This wave can be expressed explicitly as

$W(t,x)=\cos[t\,\sqrt{A_c}]\,\varphi(x).$

===Reference Medium and Green’s Function===

Let $c_0(x)$ denote a reference (background) velocity field, with operator $A_{c_0}:=-,c_0,\Delta(c_0,\cdot)$.
The corresponding causal Green’s function $G_0(t,x,x')$ satisfies

$[\partial_t^2 + A_{c_0}]\,G_0(t,x,x') = \delta'(t)\,\delta_{x'}(x), \qquad G_0(t,x,x')=0\ \text{for}\ t<0.$

Boundary conditions are chosen consistently (Dirichlet–Neumann mixed type):

$\big[\,1_{\partial\Omega_D}(x) +1_{\partial\Omega_N}(x)\,\partial_n\big]\,G_0(t,x,x')=0.$

===Derivation of the Lippmann–Schwinger Equation===

Since $[\partial_t^2 + A_c],W=0$ and $[\partial_t^2 + A_{c_0}]G_0=\delta'(t)\delta_{x'}(x)$, then

$W(t,x) = W_0(t,x) - \int_0^t\!\!\int_{\Omega} G_0(t-t',x,x')\,V(x')\,\partial_{t'}W(t',x')\, dx'\,dt',$

where $W_0$ denotes the corresponding solution in the reference medium, i.e.
$[\partial_t^2 + A_{c_0}]W_0=0$ with the corresponding initial data.

For imaging, the contrast $V(x') = -\,\frac{c^2(x')-c_0^2(x')}{c(x')\,c_0(x')}$ is the quantity of interest.

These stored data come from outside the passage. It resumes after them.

text \<open>If \<open>e1 \<le> e2\<close>, adjacency forces \<open>y2 = y1 + 2 powr (e1 - M)\<close>, i.e.
  \<open>m2 * 2 ^ (e2 - e1) = m1 + 1\<close>: for \<open>e1 = e2\<close> this contradicts the parities, and for \<open>e1 < e2\<close>
  it forces the normal mantissa \<open>m2\<close> to be \<open>\<plusminus>2 ^ M\<close>, which is even.\<close>
lemma adjacent_odd_canonical_exp_gt:
  assumes c1: "canonical_rep y1 m1 e1" and c2: "canonical_rep y2 m2 e2"
    and "adjacent y1 y2" "odd m1" "odd m2"
  shows "e2 < e1"
proof (rule ccontr)
  assume "\<not> e2 < e1"
  then have le: "e1 \<le> e2"
    by simp
  have r1: "y1 = of_int m1 * pow2 (e1 - int M)" "\<bar>m1\<bar> < 2 ^ (M + 1)" "emin E \<le> e1"
    using c1 by (auto simp: canonical_rep_def)
  have r2: "y2 = of_int m2 * pow2 (e2 - int M)"
    using c2 by (simp add: canonical_rep_def)
  have lt: "y1 < y2"
    using assms(3) by (simp add: adjacent_def)
  then have "y1 < Omega E M"
    using fl_abs_le_Omega[OF canonical_rep_fl[OF c2]] by simp
  then have gap: "y2 \<le> y1 + pow2 (e1 - int M)"
    using canonical_rep_add_ulp_fl[OF c1] assms(3) unfolding adjacent_def by force
  define j where "j = nat (e2 - e1)"
  have "y2 - y1 = of_int (m2 * 2 ^ j - m1) * pow2 (e1 - int M)"
    using pow2_shift[of "e1 - int M" "e2 - int M"] le r1(1) r2 by (simp add: j_def algebra_simps)
  then have "m2 * 2 ^ j - m1 = 1"
    using gap lt by (intro int_multiple_le_eq_1[of "pow2 (e1 - int M)"]) (simp, linarith, linarith)
  then have eq: "m2 * 2 ^ j = m1 + 1"
    by simp
  show False
  proof (cases "j = 0")
    case True
    then show False
      using eq assms(4,5) by simp
  next
    case False
    then have "e2 \<noteq> emin E"
      using r1(3) j_def by simp
    then have "2 ^ M \<le> \<bar>m2\<bar>"
      using c2 by (simp add: canonical_rep_def)
    moreover have "\<bar>m2\<bar> * 2 \<le> \<bar>m2\<bar> * 2 ^ j"
      using self_le_power[of 2 j] False by (intro mult_left_mono) simp_all
    moreover have "\<bar>m2\<bar> * 2 ^ j = \<bar>m1 + 1\<bar>"
      using eq by (metis abs_mult abs_of_nonneg zero_le_power zero_le_numeral)
    moreover have "\<bar>m1 + 1\<bar> \<le> 2 ^ (M + 1)"
      using r1(2) by simp
    ultimately have "\<bar>m2\<bar> = 2 ^ M"
      by simp
    then have "even \<bar>m2\<bar>"
      using mantissa_bits by simp
    then show False
      using assms(5) by simp
  qed
qed

lemma adjacent_even:
  assumes "y1 \<in> fl E M" "y2 \<in> fl E M" "adjacent y1 y2"
  shows "fl_even E M y1 \<or> fl_even E M y2"
proof -
  obtain m1 e1 where c1: "canonical_rep y1 m1 e1"
    using assms(1) by (rule canonical_rep_exists)
  obtain m2 e2 where c2: "canonical_rep y2 m2 e2"
    using assms(2) by (rule canonical_rep_exists)
  show ?thesis
  proof (cases "even m1 \<or> even m2")
    case True
    then show ?thesis
      using canonical_rep_fl_even c1 c2 by blast
  next
    case False
    then have "e2 < e1" "e1 < e2"
      using adjacent_odd_canonical_exp_gt[OF c1 c2 assms(3)]
        adjacent_odd_canonical_exp_gt[OF canonical_rep_minus[OF c2] canonical_rep_minus[OF c1]
          adjacent_minus[OF assms(3)]]
      by auto
    then show ?thesis
      by simp
  qed
qed

definition nearest :: "real \<Rightarrow> real \<Rightarrow> bool" where
  "nearest x y \<longleftrightarrow> y \<in> fl E M \<and> (\<forall>f \<in> fl E M. \<bar>x - y\<bar> \<le> \<bar>x - f\<bar>)"

lemma nearest_exists: obtains y where "nearest x y"
proof -
  let ?D = "(\<lambda>f. \<bar>x - f\<bar>) ` fl E M"
  have "finite ?D" "?D \<noteq> {}"
    using fl_finite fl_zero by auto
  then have "Min ?D \<in> ?D" "\<forall>d \<in> ?D. Min ?D \<le> d"
    by simp_all
  then show ?thesis
    using that unfolding nearest_def by force
qed

lemma nearest_tie:
  assumes "nearest x y1" "nearest x y2" "y1 < y2"
  shows "adjacent y1 y2" and "nearest x y \<Longrightarrow> y = y1 \<or> y = y2"
proof -
  have dist: "\<bar>x - y1\<bar> = \<bar>x - y2\<bar>"
    using assms(1,2) unfolding nearest_def by force
  then have mid: "x = (y1 + y2) / 2"
    using assms(3) by (auto simp: abs_if split: if_splits)
  show "adjacent y1 y2"
    unfolding adjacent_def
  proof (intro conjI ballI notI)
    fix f
    assume "f \<in> fl E M" "y1 < f \<and> f < y2"
    then have "\<bar>x - f\<bar> < \<bar>x - y1\<bar>"
      using mid by (auto simp: abs_if)
    then show False
      using assms(1) \<open>f \<in> fl E M\<close> unfolding nearest_def by force
  qed (rule assms(3))
  assume "nearest x y"
  then have "\<bar>x - y\<bar> = \<bar>x - y1\<bar>"
    using assms(1) unfolding nearest_def by force
  then show "y = y1 \<or> y = y2"
    using mid assms(3) by (auto simp: abs_if split: if_splits; linarith)
qed

lemma nearest_dist_eq: "nearest x y \<Longrightarrow> nearest x y' \<Longrightarrow> \<bar>x - y\<bar> = \<bar>x - y'\<bar>"
  unfolding nearest_def by force

definition nearest_even :: "real \<Rightarrow> real \<Rightarrow> bool" where
  "nearest_even x y \<longleftrightarrow> nearest x y \<and>
    ((\<forall>z \<in> fl E M. \<bar>x - z\<bar> = \<bar>x - y\<bar> \<longrightarrow> z = y) \<or> fl_even E M y)"

lemma rnd_eq_nearest_even:
  "\<bar>x\<bar> < overflow_threshold \<Longrightarrow> rnd E M x = Fin (THE y. nearest_even x y)"
  unfolding rnd_def nearest_even_def nearest_def by (simp add: abs_less_iff)

lemma nearest_even_unique_tie:
  assumes "nearest x y1" "nearest x y2" "y1 < y2"
  shows "\<exists>!y. nearest_even x y"
proof -
  note tie = nearest_tie[OF assms]
  obtain ye where ye: "ye = y1 \<or> ye = y2" "fl_even E M ye"
    using adjacent_even[OF _ _ tie(1)] assms unfolding nearest_def by blast
  have ye_nearest: "nearest x ye"
    using ye(1) assms by blast
  show ?thesis
  proof (rule ex1I[of _ ye])
    show "nearest_even x ye"
      using ye(2) ye_nearest unfolding nearest_even_def by blast
    fix y
    assume y_even: "nearest_even x y"
    then have y: "nearest x y" "y = y1 \<or> y = y2"
      using tie(2) unfolding nearest_even_def by auto
    show "y = ye"
    proof (rule ccontr)
      assume "y \<noteq> ye"
      moreover have "ye \<in> fl E M" "\<bar>x - ye\<bar> = \<bar>x - y\<bar>"
        using ye_nearest nearest_dist_eq[OF ye_nearest y(1)] unfolding nearest_def by auto
      ultimately have "fl_even E M y"
        using y_even unfolding nearest_even_def by blast
      then show False
        using adjacent_not_both_even[OF tie(1)] ye y(2) \<open>y \<noteq> ye\<close> by blast
    qed
  qed
qed

lemma nearest_even_unique: "\<exists>!y. nearest_even x y"
proof -
  obtain y0 where y0: "nearest x y0"
    by (rule nearest_exists)
  show ?thesis
  proof (cases "\<exists>y'. nearest x y' \<and> y' \<noteq> y0")
    case False
    show ?thesis
    proof (rule ex1I[of _ y0])
      have "nearest x z" if "z \<in> fl E M" "\<bar>x - z\<bar> = \<bar>x - y0\<bar>" for z
        using that y0 unfolding nearest_def by simp
      then show "nearest_even x y0"
        using y0 False unfolding nearest_even_def by blast
      show "nearest_even x y \<Longrightarrow> y = y0" for y
        using False unfolding nearest_even_def by blast
    qed
  next
    case True
    then obtain y' where y': "nearest x y'" "y' \<noteq> y0"
      by blast
    show ?thesis
    proof (cases "y0 < y'")
      case True
      then show ?thesis
        using nearest_even_unique_tie[OF y0 y'(1)] by blast
    next
      case False
      then show ?thesis
        using nearest_even_unique_tie[OF y'(1) y0] y'(2) by simp
    qed
  qed
qed

lemma rnd_nearest:
  assumes "\<bar>x\<bar> < overflow_threshold"
  obtains y where "rnd E M x = Fin y" "nearest x y"
proof -
  have "nearest_even x (THE y. nearest_even x y)"
    using nearest_even_unique by (rule theI')
  then show ?thesis
    using rnd_eq_nearest_even[OF assms] that unfolding nearest_even_def by blast
qed

lemma fl_abs_less_overflow: "x \<in> fl E M \<Longrightarrow> \<bar>x\<bar> < overflow_threshold"
  using fl_abs_le_Omega Omega_less_overflow by (rule order_le_less_trans)

lemma rnd_fl: "x \<in> fl E M \<Longrightarrow> rnd E M x = Fin x"
proof -
  assume x: "x \<in> fl E M"
  then have "\<bar>x\<bar> < overflow_threshold"
    by (rule fl_abs_less_overflow)
  then obtain y where "rnd E M x = Fin y" "nearest x y"
    by (rule rnd_nearest)
  then show ?thesis
    using x unfolding nearest_def by force
qed

lemma rnd_between_fl:
  assumes "\<bar>x\<bar> < overflow_threshold"
  obtains y where "rnd E M x = Fin y" "y \<in> fl E M"
    "\<And>f. f \<in> fl E M \<Longrightarrow> x \<le> f \<Longrightarrow> y \<le> f" "\<And>f. f \<in> fl E M \<Longrightarrow> f \<le> x \<Longrightarrow> f \<le> y"
proof -
  obtain y where y: "rnd E M x = Fin y" "nearest x y"
    using assms by (rule rnd_nearest)
  show ?thesis
    by (rule that[OF y(1)]) (use y(2) in \<open>force simp: nearest_def abs_if split: if_splits\<close>)+
qed

end

section \<open>Interval semantics of depth-1 networks\<close>

lemma net1_sharp_Fin:
  assumes "fmul E M (Fin x1) (Fin w) = Fin p1" "fmul E M (Fin x2) (Fin w) = Fin p2"
    "rnd E M (p1 + b) = Fin q1" "rnd E M (p2 + b) = Fin q2"
  shows "net1_sharp E M w b (Itv (Fin x1) (Fin x2)) = Itv (Fin (min q1 q2)) (Fin (max q1 q2))"
  using assms by (cases "p1 \<le> p2"; cases "q1 \<le> q2")
    (auto simp: net1_sharp_def abs_op_def ext_min_def ext_max_def min_def max_def)

lemma gamma_Itv_Fin_subset: "A \<le> lo \<Longrightarrow> hi \<le> B \<Longrightarrow> gamma E M (Itv (Fin lo) (Fin hi)) \<subseteq> Fin ` {A..B}"
proof
  fix x
  assume "A \<le> lo" "hi \<le> B" "x \<in> gamma E M (Itv (Fin lo) (Fin hi))"
  then show "x \<in> Fin ` {A..B}"
    by (cases x) (auto simp: gamma_def)
qed

context float_format
begin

This space–time integral equation expresses the total (scattered + background) field $W$ in terms of the background field $W_0$ and the medium contrast
$(c^2 - c_0^2)/(c,c_0)$.
Linearizing this equation by substituting $W \approx W_0$ inside the integral yields the Born approximation, commonly used in acoustic and seismic scattering theory.

==See also==
- Bethe–Salpeter equation

==Bibliography==

===Original publications===
- Lippmann, B. A. (1950). "Variational Principles for Scattering Processes. I"
- Wheeler, J. A. (1937). "On the Mathematical Description of Light Nuclei by the Method of Resonating Group Structure"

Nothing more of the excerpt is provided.